Task directions: Find the line in the entries below that contains "c * m\<^sup>2))\<^sup>2". Repeat it exactly, and every line after it through the line that contains "using power_strict_mono[OF n_bounds(1), of".

Data shown:
--- --- ---

lemma mem_Yset_iff_bidirected_route_flow:
  assumes "is_route dep Vp R" "dep \<notin> Vp" "0 \<le> C" "\<forall>v\<in>Vp. 0 \<le> y v"
  shows "y \<in> Yset dep Vp C d R \<longleftrightarrow> (\<exists>F g. bidirected_route_flow dep Vp C d R y F g)"
proof -
  have "(\<exists>f g. route_flow dep Vp C d R y f g) \<longleftrightarrow> (\<exists>F g. bidirected_route_flow dep Vp C d R y F g)"
  proof
    assume "\<exists>f g. route_flow dep Vp C d R y f g"
    then obtain f g where flow: "route_flow dep Vp C d R y f g" by blast
    show "\<exists>F g. bidirected_route_flow dep Vp C d R y F g"
    proof (cases "length R \<le> 1")
      case True
      with flow show ?thesis by (blast dest: bidirected_route_flow_of_short_route_flow)
    next
      case False
      then have "2 \<le> length R" by simp
      with flow show ?thesis using bidirected_route_flow_of_long_route_flow[OF assms(1,2)] by blast
    qed
  next
    assume "\<exists>F g. bidirected_route_flow dep Vp C d R y F g"
    then show "\<exists>f g. route_flow dep Vp C d R y f g"
      using route_flow_of_bidirected_route_flow[OF assms(1-3)] by blast
  qed
  with assms(4) show ?thesis by (simp add: Yset_eq_route_flow)
qed
text \<open>The recurrence \<open>D(m + 2) = (m + 1) (D(m + 1) + D(m))\<close>: \<open>der_frac (m + 2)\<close> is a convex
  combination of the two previous values.\<close>
lemma der_frac_Suc_Suc:
  "(real m + 2) * der_frac (m + 2) = (real m + 1) * der_frac (m + 1) + der_frac m"
proof -
  have "der_frac (m + 2) = der_frac (m + 1) - alt_inv_fact (m + 1) / (real m + 2)"
    using der_frac_Suc[of "Suc m"] alt_inv_fact_Suc[of "Suc m"] by simp
  moreover have "alt_inv_fact (m + 1) = der_frac (m + 1) - der_frac m"
    using der_frac_Suc[of m] by simp
  ultimately show ?thesis
    by (simp add: field_simps)
qed

lemma der_frac_bounds:
  assumes "3 \<le> m"
  shows "1/3 \<le> der_frac m \<and> der_frac m \<le> 3/8"
proof -
  have "(1/3 \<le> der_frac m \<and> der_frac m \<le> 3/8) \<and> (1/3 \<le> der_frac (m + 1) \<and> der_frac (m + 1) \<le> 3/8)"
    using assms
  proof (induction m rule: nat_induct_at_least)
    case base
    then show ?case by (simp add: der_frac_values)
  next
    case (Suc m)
    have "(real m + 1) * (1/3) \<le> (real m + 1) * der_frac (m + 1)"
      using Suc.IH by (intro mult_left_mono) auto
    moreover have "(real m + 1) * der_frac (m + 1) \<le> (real m + 1) * (3/8)"
      using Suc.IH by (intro mult_left_mono) auto
    ultimately have "(real m + 2) * (1/3) \<le> (real m + 2) * der_frac (m + 2)"
      "(real m + 2) * der_frac (m + 2) \<le> (real m + 2) * (3/8)"
      using der_frac_Suc_Suc[of m] Suc.IH by (simp_all add: algebra_simps)
    then have "1/3 \<le> der_frac (m + 2)" "der_frac (m + 2) \<le> 3/8"
      unfolding mult_le_cancel_left_pos[OF add_nonneg_pos[OF of_nat_0_le_iff zero_less_numeral]] .
    then show ?case
      using Suc.IH by simp
  qed
  then show ?thesis by blast
qed

lemma der_frac_nonneg: "0 \<le> der_frac m"
proof -
  consider "m = 0" | "m = 1" | "m = 2" | "3 \<le> m" by linarith
  then show ?thesis
    by cases (use der_frac_bounds[of m] in \<open>simp_all add: der_frac_values\<close>)
qed
lemma algebraic_if_powers_in_finite_span:
  assumes "finite B" and powers: "\<And>n. x ^ n \<in> rat_vs.span B"
  shows "algebraic x"
proof (cases "inj_on (\<lambda>k. x ^ k) {0..card B}")
  case False
  then obtain i j where "i \<noteq> j" "x ^ i = x ^ j"
    unfolding inj_on_def by blast
  then show ?thesis
    unfolding algebraic_altdef
    by (intro exI[of _ "monom 1 j - monom 1 i"])
       (auto simp: coeff_monom poly_monom poly_eq_iff intro: exI[of _ j])
next
  case True
  define P where "P = (\<lambda>k. x ^ k) ` {0..card B}"
  have "card P = Suc (card B)"
    unfolding P_def using True by (simp add: card_image)
  then have "rat_vs.dependent P"
    using rat_vs.independent_span_bound[OF assms(1), of P] powers unfolding P_def by auto
  then obtain T u where T: "finite T" "T \<subseteq> P" "(\<Sum>v\<in>T. of_rat (u v) * v) = 0" "\<exists>v\<in>T. u v \<noteq> 0"
    unfolding rat_vs.dependent_explicit by blast
  define I where "I = {k \<in> {0..card B}. x ^ k \<in> T}"
  have T_image: "T = (\<lambda>k. x ^ k) ` I" and inj: "inj_on (\<lambda>k. x ^ k) I"
    using T(2) True unfolding I_def P_def by (auto intro: inj_on_subset)
  define p :: "real poly" where "p = (\<Sum>k\<in>I. monom (of_rat (u (x ^ k))) k)"
  have coeff_p: "coeff p j = (if j \<in> I then of_rat (u (x ^ j)) else 0)" for j
    unfolding p_def coeff_sum coeff_monom I_def by (simp add: sum.delta)
  have "p \<noteq> 0"
    using T(4) unfolding T_image by (auto simp: poly_eq_iff coeff_p)
  moreover have "poly p x = (\<Sum>v\<in>T. of_rat (u v) * v)"
    unfolding p_def T_image by (simp add: poly_sum poly_monom sum.reindex[OF inj])
  ultimately show ?thesis
    unfolding algebraic_altdef using T(3) by (intro exI[of _ p]) (simp add: coeff_p)
qed

lemma gen_field_finite_eq_simple:
  assumes K: "real_subfield K" and alg: "\<And>x. x \<in> K \<Longrightarrow> algebraic x"
  shows "finite B \<Longrightarrow> B \<subseteq> K \<Longrightarrow> \<exists>\<theta>. gen_field B = gen_field {\<theta>}"
proof (induction B rule: finite_induct)
  case empty
  have "0 \<in> gen_field {}"
    by (rule subfield_zero[OF real_subfield_gen_field])
  then have "gen_field {0} = gen_field {}"
    unfolding gen_field_eq_hull by (rule hull_redundant)
  then show ?case by blast
next
  case (insert b B)
  then obtain \<theta> where \<theta>: "gen_field B = gen_field {\<theta>}" by auto
  have "\<theta> \<in> K"
    using \<theta> subset_gen_field[of "{\<theta>}"] gen_field_subset_iff[OF K, of B] insert.prems by auto
  moreover have "b \<in> K"
    using insert.prems by simp
  ultimately obtain c where c: "gen_field {\<theta>, b} = gen_field {\<theta> + c * b}"
    using primitive_element_pair[OF alg[OF \<open>\<theta> \<in> K\<close>] alg[OF \<open>b \<in> K\<close>]] by blast
  have "gen_field (insert b B) = real_subfield hull ({b} \<union> real_subfield hull B)"
    unfolding gen_field_eq_hull using hull_Un_right[of real_subfield "{b}" B] by simp
  also have "\<dots> = real_subfield hull ({b} \<union> real_subfield hull {\<theta>})"
    using \<theta> unfolding gen_field_eq_hull by simp
  also have "\<dots> = gen_field {\<theta>, b}"
    unfolding gen_field_eq_hull using hull_Un_right[of real_subfield "{b}" "{\<theta>}"]
    by (simp add: insert_commute)
  finally show ?case
    using c by (intro exI[of _ "\<theta> + c * b"]) simp
qed

theorem primitive_element:
  assumes "real_number_field K"
  shows "\<exists>\<theta>\<in>K. K = gen_field {\<theta>}"
proof -
  have K: "real_subfield K"
    using assms by (rule real_number_field_imp_subfield)
  obtain B where B: "finite B" "B \<subseteq> K" "K = rat_vs.span B"
    by (rule real_number_field_eq_span[OF assms])
  have "algebraic x" if "x \<in> K" for x
    using subfield_power[OF K that] B(3) by (intro algebraic_if_powers_in_finite_span[OF B(1)]) simp
  then have "\<exists>\<theta>. gen_field B = gen_field {\<theta>}"
    by (rule gen_field_finite_eq_simple[OF K _ B(1,2)])
  then obtain \<theta> where \<theta>: "gen_field B = gen_field {\<theta>}" ..
  have "gen_field B \<subseteq> K"
    using B(2) gen_field_subset_iff[OF K] by blast
  moreover have "K \<subseteq> gen_field B"
    unfolding B(3)
    by (rule rat_vs.span_minimal[OF subset_gen_field real_subfield_imp_subspace[OF real_subfield_gen_field]])
  ultimately have "K = gen_field B"
    by (rule antisym[rotated])
  then have "K = gen_field {\<theta>}"
    using \<theta> by simp
  moreover have "\<theta> \<in> gen_field {\<theta>}"
    using subset_gen_field[of "{\<theta>}"] by blast
  ultimately show ?thesis
    by (intro bexI[of _ \<theta>]) simp_all
qed

section \<open>The construction\<close>

lemma exists_conic_point:
  fixes a :: real
  assumes F: "real_subfield F" and "a \<in> F" "a > 0"
  obtains z u where "z \<in> F" "u \<in> F" "u \<in> gen_field {z}" "z > 2" "u > 0" "z\<^sup>2 - 4 = a * u\<^sup>2"
proof -
  obtain N :: nat where N: "1 / a < real N"
    using reals_Archimedean2 by blast
  have "0 < 1 / a"
    using \<open>a > 0\<close> by simp
  then have "0 < real N"
    using N by linarith
  then have "N \<ge> 1"
    by simp
  then have "real N \<ge> 1"
    by simp
  define A where "A = a * (real N)\<^sup>2"
  have "1 < a * real N"
    using N \<open>a > 0\<close> by (simp add: field_simps)
  also have "\<dots> \<le> A"
    unfolding A_def using \<open>real N \<ge> 1\<close> \<open>a > 0\<close> by (simp add: power2_eq_square)
  finally have "A > 1" .
  \<comment> \<open>\<open>z\<^sup>2 - 4 = 16 A / (A - 1)\<^sup>2\<close>, which is \<open>a\<close> times a square\<close>
  define z where "z = 2 * (A + 1) / (A - 1)"
  define u where "u = real N * (z - 2)"
  have "z - 2 = 4 / (A - 1)"
    unfolding z_def using \<open>A > 1\<close> by (simp add: field_simps)
  moreover have "4 / (A - 1) > 0"
    using \<open>A > 1\<close> by simp
  ultimately have "z > 2"
    by linarith
  then have "u > 0"
    unfolding u_def using \<open>real N \<ge> 1\<close> by simp
  have "z + 2 = 4 * A / (A - 1)"
    unfolding z_def using \<open>A > 1\<close> by (simp add: field_simps)
  have "z\<^sup>2 - 4 = (z - 2) * (z + 2)"
    by (simp add: power2_eq_square algebra_simps)
  also have "\<dots> = a * u\<^sup>2"
    unfolding u_def \<open>z - 2 = 4 / (A - 1)\<close> \<open>z + 2 = 4 * A / (A - 1)\<close> A_def
    by (simp add: power2_eq_square)
  finally have conic: "z\<^sup>2 - 4 = a * u\<^sup>2" .
  have "z \<in> F"
    unfolding z_def A_def using F \<open>a \<in> F\<close> by (auto intro!: subfield_closed)
  moreover have "u \<in> F" "u \<in> gen_field {z}"
    unfolding u_def using F \<open>z \<in> F\<close> real_subfield_gen_field subset_gen_field[of "{z}"]
    by (auto intro!: subfield_closed)
  ultimately show thesis
    using \<open>z > 2\<close> \<open>u > 0\<close> conic by (rule that)
qed

lemma exists_rat_translate_near_ellipse:
  fixes a c \<delta> \<theta> :: real
  assumes "a > 0" "c > 0" "\<delta> > 0"
  obtains n m where "n - \<theta> \<in> \<rat>" "m \<in> \<rat>" "0 < m" "m \<le> 1" "0 < n"
    "0 < n\<^sup>2 + c * m\<^sup>2 - a" "n\<^sup>2 + c * m\<^sup>2 - a < \<delta> * m"
proof -
  obtain m where m: "m \<in> \<rat>" "0 < m" "m < min 1 (sqrt (a / c))"
    using Rats_dense_in_real[of 0 "min 1 (sqrt (a / c))"] assms by auto
  have "m\<^sup>2 < (sqrt (a / c))\<^sup>2"
    using m by (intro power_strict_mono) auto
  then have "m\<^sup>2 < a / c"
    using assms by simp
  then have L: "a - c * m\<^sup>2 > 0"
    using \<open>c > 0\<close> by (simp add: field_simps)
  have "sqrt (a - c * m\<^sup>2) - \<theta> < sqrt (a - c * m\<^sup>2 + \<delta> * m) - \<theta>"
    using m(2) assms(3) by simp
  then obtain q where q: "q \<in> \<rat>" "sqrt (a - c * m\<^sup>2) - \<theta> < q" "q < sqrt (a - c * m\<^sup>2 + \<delta> * m) - \<theta>"
    using Rats_dense_in_real by blast
  define n where "n = \<theta> + q"
  have n_bounds: "sqrt (a - c * m\<^sup>2) < n" "n < sqrt (a - c * m\<^sup>2 + \<delta> * m)"
    unfolding n_def using q by auto
  moreover have "0 < sqrt (a - c * m\<^sup>2)"
    using L by simp
  ultimately have "0 < n"
    by linarith
  have "(sqrt (a - c * m\<^sup>2))\<^sup>2 < n\<^sup>2" "n\<^sup>2 < (sqrt (a - c * m\<^sup>2 + \<delta> * m))\<^sup>2"
    using power_strict_mono[OF n_bounds(1), of 2] power_strict_mono[OF n_bounds(2), of 2]
      \<open>0 < n\<close> \<open>0 < sqrt (a - c * m\<^sup>2)\<close> by simp_all
  then have "a - c * m\<^sup>2 < n\<^sup>2" "n\<^sup>2 < a - c * m\<^sup>2 + \<delta> * m"
    using L m(2) assms(3) by simp_all
  then show thesis
    using that[of n m] n_def q(1) m \<open>0 < n\<close> by auto
qed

--- --- ---

Answer box:
  have "(sqrt (a - c * m\<^sup>2))\<^sup>2 < n\<^sup>2" "n\<^sup>2 < (sqrt (a - c * m\<^sup>2 + \<delta> * m))\<^sup>2"
    using power_strict_mono[OF n_bounds(1), of 2] power_strict_mono[OF n_bounds(2), of 2]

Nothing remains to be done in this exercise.